President Trump Addresses Need for More Competition, Lower Drug Costs

The move includes an FDA evaluation of whether drug manufacturers should be required to list prices in their advertising, as well as longer-term efforts to change the imbalance between what U.S. consumers pay for drugs developed in the United States versus what foreigners pay in their own countries, where drug prices are often substantially lower.

Trump's speech singled out foreign governments that "extort unreasonably low prices from USA drugmakers" using price controls and said us trade representatives would prioritize the issue in trade deals.

Some of the actions the department plans are expected to have near-immediate force, while others will take more work. But as president he has shied away from major reforms and staffed his administration with appointees who have deep ties to the industry.

The plan, however, is expected to mostly spare the pharmaceutical industry he previously accused of "getting away with murder".

The plan also will target Medicare Part B by limiting price increases that exceed the inflation rate within the program and restricting incentives for providers to prescribe high-cost drugs. "It is a comprehensive process...and it will take time to reorder an entire complex multibillion dollar system of our economy", Azar said. The the only country, other than New Zealand, that allows drug companies to advertise directly to consumers. "In some cases, medicine that costs a few dollars in a foreign country costs hundreds of dollars in America, for the same pill with the same ingredients in the same package made in the same plant, and that is unacceptable", Trump said.

Experts who study drug pricing are encouraged that the discussion has moved on from outrage to more sophisticated proposals.

According to senior administration officials, Trump plans to talk about how to increase competition, get more negotiating power, and find ways to lower pharmaceutical list prices as well as the out-of-pocket costs patients are facing.

Senator Ron Wyden, also a Democrat, said the proposals "amount to asking drug companies nicely to lower their prices with zero accountability".

Among the initiatives is a regulatory push to ditch so-called "pharmacy gag clauses", terms in some contracts between pharmacies and insurers which prohibit pharmacists from tipping off customers when they're overpaying through health plans.

"There is very little new in the administration's plan, and little if anything that will make a difference in the near future, as the president has promised", Rachel Sachs, an associate professor of law at Washington University School of Law, said in an email.

The Medicare Rights Center, a nonprofit organization that advocates for affordable healthcare access for seniors, said earlier this year that it supports giving rebates to people on Medicare Part D who are experiencing higher drug costs. Medicare Part D drug spending grew almost 45% between 2013 and 2016, and more beneficiaries are reaching catastrophic coverage of at least $5,000 out-of-pocket costs-up 50% from 2013 to 2016, according to a new study from Avalere.

Trump's drug pricing blueprint has so many different, technical aspects and will take long enough to implement that it could be hard for Republicans to sell this to voters as a big win, said Joseph Antos, a resident scholar at the American Enterprise Institute.

Separately, the White House is requesting feedback in several areas, including creating more prescription drug plan incentives for drugmakers that don't raise their prices.

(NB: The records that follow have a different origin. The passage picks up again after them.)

(* Let $X$ be a regular Lusin space and let $f:X\to\mathbb{R}$ be quasicontinuous. Then the set $D_f=\{x\in X: f \text{ is discontinuous at } x\}$ is countable.
   Context: All spaces are assumed regular. A Hausdorff space $X$ is a Lusin space (in the sense of Kunen) if (a) every nowhere dense subset of $X$ is countable, (b) $X$ has at most countably many isolated points, and (c) $X$ is uncountable. A function $f:X\to Y$ is quasicontinuous if for every $x\in X$, every open $V\ni f(x)$ and every open $U\ni x$ there is a nonempty open $W\subseteq U$ with $f(W)\subseteq V$. *)

theory Defs
  imports "HOL-Analysis.Analysis"
begin

definition nowhere_dense_in :: "'a topology \<Rightarrow> 'a set \<Rightarrow> bool" where
  "nowhere_dense_in X S \<longleftrightarrow> S \<subseteq> topspace X \<and> X interior_of (X closure_of S) = {}"

definition isolated_points_of :: "'a topology \<Rightarrow> 'a set" where
  "isolated_points_of X = {x \<in> topspace X. openin X {x}}"

definition Lusin_space :: "'a topology \<Rightarrow> bool" where
  "Lusin_space X \<longleftrightarrow> Hausdorff_space X
     \<and> (\<forall>S. nowhere_dense_in X S \<longrightarrow> countable S)
     \<and> countable (isolated_points_of X)
     \<and> uncountable (topspace X)"

definition continuous_at_pt :: "'a topology \<Rightarrow> ('a \<Rightarrow> real) \<Rightarrow> 'a \<Rightarrow> bool" where
  "continuous_at_pt X f x \<longleftrightarrow>
     (\<forall>V. open V \<and> f x \<in> V \<longrightarrow> (\<exists>U. openin X U \<and> x \<in> U \<and> f ` U \<subseteq> V))"

definition quasicontinuous_on :: "'a topology \<Rightarrow> ('a \<Rightarrow> real) \<Rightarrow> bool" where
  "quasicontinuous_on X f \<longleftrightarrow>
     (\<forall>x \<in> topspace X. \<forall>V U. open V \<and> f x \<in> V \<and> openin X U \<and> x \<in> U \<longrightarrow>
        (\<exists>W. openin X W \<and> W \<noteq> {} \<and> W \<subseteq> U \<and> f ` W \<subseteq> V))"

end

theory Submission
  imports Defs
begin

text \<open>
  Fix a countable base \<B> of the reals. If f is discontinuous at x, then some C \<in> \<B> containing
  f x has a preimage whose interior misses x, while quasicontinuity puts x in the closure
  of that interior. So x lies on the frontier of the interior of the preimage of C, and
  frontiers of open sets are nowhere dense, hence countable in a Lusin space.
\<close>

lemma nowhere_dense_frontier_of_openin:
  assumes "openin X U"
  shows "nowhere_dense_in X (X frontier_of U)"
proof -
  have "X interior_of (X frontier_of U) = {}"
  proof (rule ccontr)
    assume "X interior_of (X frontier_of U) \<noteq> {}"
    then obtain x where x: "x \<in> X interior_of (X frontier_of U)"
      by blast
    then have "x \<in> X closure_of U"
      using interior_of_subset frontier_of_openin[OF assms] by fastforce
    then obtain y where "y \<in> U" "y \<in> X interior_of (X frontier_of U)"
      using x by (meson in_closure_of openin_interior_of)
    then show False
      using interior_of_subset frontier_of_openin[OF assms] by fastforce
  qed
  then show ?thesis
    unfolding nowhere_dense_in_def
    by (simp add: closedin_frontier_of closure_of_closedin frontier_of_subset_topspace)
qed

lemma quasicontinuous_on_in_closure_of_interior_of_preimage:
  assumes "quasicontinuous_on X f" "x \<in> topspace X" "open V" "f x \<in> V"
  shows "x \<in> X closure_of (X interior_of {y \<in> topspace X. f y \<in> V})"
  unfolding in_closure_of
proof (intro conjI allI impI assms(2))
  fix T
  assume "x \<in> T \<and> openin X T"
  then obtain W where W: "openin X W" "W \<noteq> {}" "W \<subseteq> T" "f ` W \<subseteq> V"
    using assms unfolding quasicontinuous_on_def by meson
  moreover have "W \<subseteq> {y \<in> topspace X. f y \<in> V}"
    using W openin_subset by blast
  ultimately have "W \<subseteq> X interior_of {y \<in> topspace X. f y \<in> V}"
    by (simp add: interior_of_maximal)
  then show "\<exists>y. y \<in> X interior_of {y \<in> topspace X. f y \<in> V} \<and> y \<in> T"
    using W by blast
qed

lemma not_continuous_at_pt_imp_not_in_interior_of_preimage:
  assumes "\<not> continuous_at_pt X f x"
  obtains V where "open V" "f x \<in> V" "x \<notin> X interior_of {y \<in> topspace X. f y \<in> V}"
proof -
  obtain V where V: "open V" "f x \<in> V"
    and no_nbhd: "\<And>U. openin X U \<Longrightarrow> x \<in> U \<Longrightarrow> \<not> f ` U \<subseteq> V"
    using assms unfolding continuous_at_pt_def by blast
  have "f ` (X interior_of {y \<in> topspace X. f y \<in> V}) \<subseteq> V"
    using interior_of_subset by fastforce
  then have "x \<notin> X interior_of {y \<in> topspace X. f y \<in> V}"
    using no_nbhd[OF openin_interior_of] by blast
  with V show thesis
    by (rule that)
qed

lemma discontinuity_points_subset_frontiers:
  assumes "quasicontinuous_on X f"
    and open_base: "\<And>C. C \<in> \<B> \<Longrightarrow> open C"
    and base: "\<And>S. open S \<Longrightarrow> \<exists>\<U>. \<U> \<subseteq> \<B> \<and> S = \<Union>\<U>"
  shows "{x \<in> topspace X. \<not> continuous_at_pt X f x}
           \<subseteq> (\<Union>C\<in>\<B>. X frontier_of (X interior_of {y \<in> topspace X. f y \<in> C}))"
proof
  fix x
  assume "x \<in> {x \<in> topspace X. \<not> continuous_at_pt X f x}"
  then have x: "x \<in> topspace X" and "\<not> continuous_at_pt X f x"
    by auto
  from this(2) obtain V where V: "open V" "f x \<in> V"
    and x_notin: "x \<notin> X interior_of {y \<in> topspace X. f y \<in> V}"
    by (rule not_continuous_at_pt_imp_not_in_interior_of_preimage)
  then obtain C where C: "C \<in> \<B>" "f x \<in> C" "C \<subseteq> V"
    using base by blast
  have "X interior_of {y \<in> topspace X. f y \<in> C} \<subseteq> X interior_of {y \<in> topspace X. f y \<in> V}"
    using C(3) by (intro interior_of_mono) auto
  moreover have "x \<in> X closure_of (X interior_of {y \<in> topspace X. f y \<in> C})"
    using quasicontinuous_on_in_closure_of_interior_of_preimage[OF assms(1) x open_base] C
    by blast
  ultimately show "x \<in> (\<Union>C\<in>\<B>. X frontier_of (X interior_of {y \<in> topspace X. f y \<in> C}))"
    using x_notin C(1) by (auto simp: frontier_of_openin)
qed

theorem corollary3p5:
  fixes X :: "'a topology" and f :: "'a \<Rightarrow> real"
  assumes "regular_space X" and "Lusin_space X" and "quasicontinuous_on X f"
  shows "countable {x \<in> topspace X. \<not> continuous_at_pt X f x}"
proof -
  obtain \<B> :: "real set set" where "countable \<B>" and open_base: "\<And>C. C \<in> \<B> \<Longrightarrow> open C"
    and base: "\<And>S. open S \<Longrightarrow> \<exists>\<U>. \<U> \<subseteq> \<B> \<and> S = \<Union>\<U>"
    using univ_second_countable by blast
  have countable_nowhere_dense: "\<And>S. nowhere_dense_in X S \<Longrightarrow> countable S"
    using assms(2) unfolding Lusin_space_def by blast
  have "{x \<in> topspace X. \<not> continuous_at_pt X f x}
          \<subseteq> (\<Union>C\<in>\<B>. X frontier_of (X interior_of {y \<in> topspace X. f y \<in> C}))"
    using assms(3) open_base base by (rule discontinuity_points_subset_frontiers)
  moreover have "countable (\<Union>C\<in>\<B>. X frontier_of (X interior_of {y \<in> topspace X. f y \<in> C}))"
    using \<open>countable \<B>\<close>
    by (intro countable_UN countable_nowhere_dense nowhere_dense_frontier_of_openin openin_interior_of)
  ultimately show ?thesis
    by (rule countable_subset)
qed

end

Chuck Schumer of NY, the Democratic leader, said after the speech.

Trump decried the participation of what he referred to as "middlemen", meaning primarily Pharmacy Benefit Managers - intermediaries between manufacturers and doctors and pharmacies. "Why? Because of the drug companies". Azar and Trump didn't mention that specific program Friday, but Cassidy said it's another example of discounts that don't end up saving patients money.

And Vt. Rep. Peter Welch said, "He swung and he missed". But the president has offered nothing but "radio silence" since then, Cummings said Thursday. Medicare will continue to be prohibited from directly negotiating prices by law.

The idea is one of many old and new proposals outlined in a White House blueprint unveiled in a long-awaited speech by the president.

Trump and Azar framed the proposals as a way of improving the government's power over the industry while promoting competition.

"We look forward to working with the administration on solutions that help provide all patients access to prescription drugs with out-of-pocket costs they can afford", Jim Greenwood, CEO of biotech trade association BIO said in a statement. "It will be a handsome thing".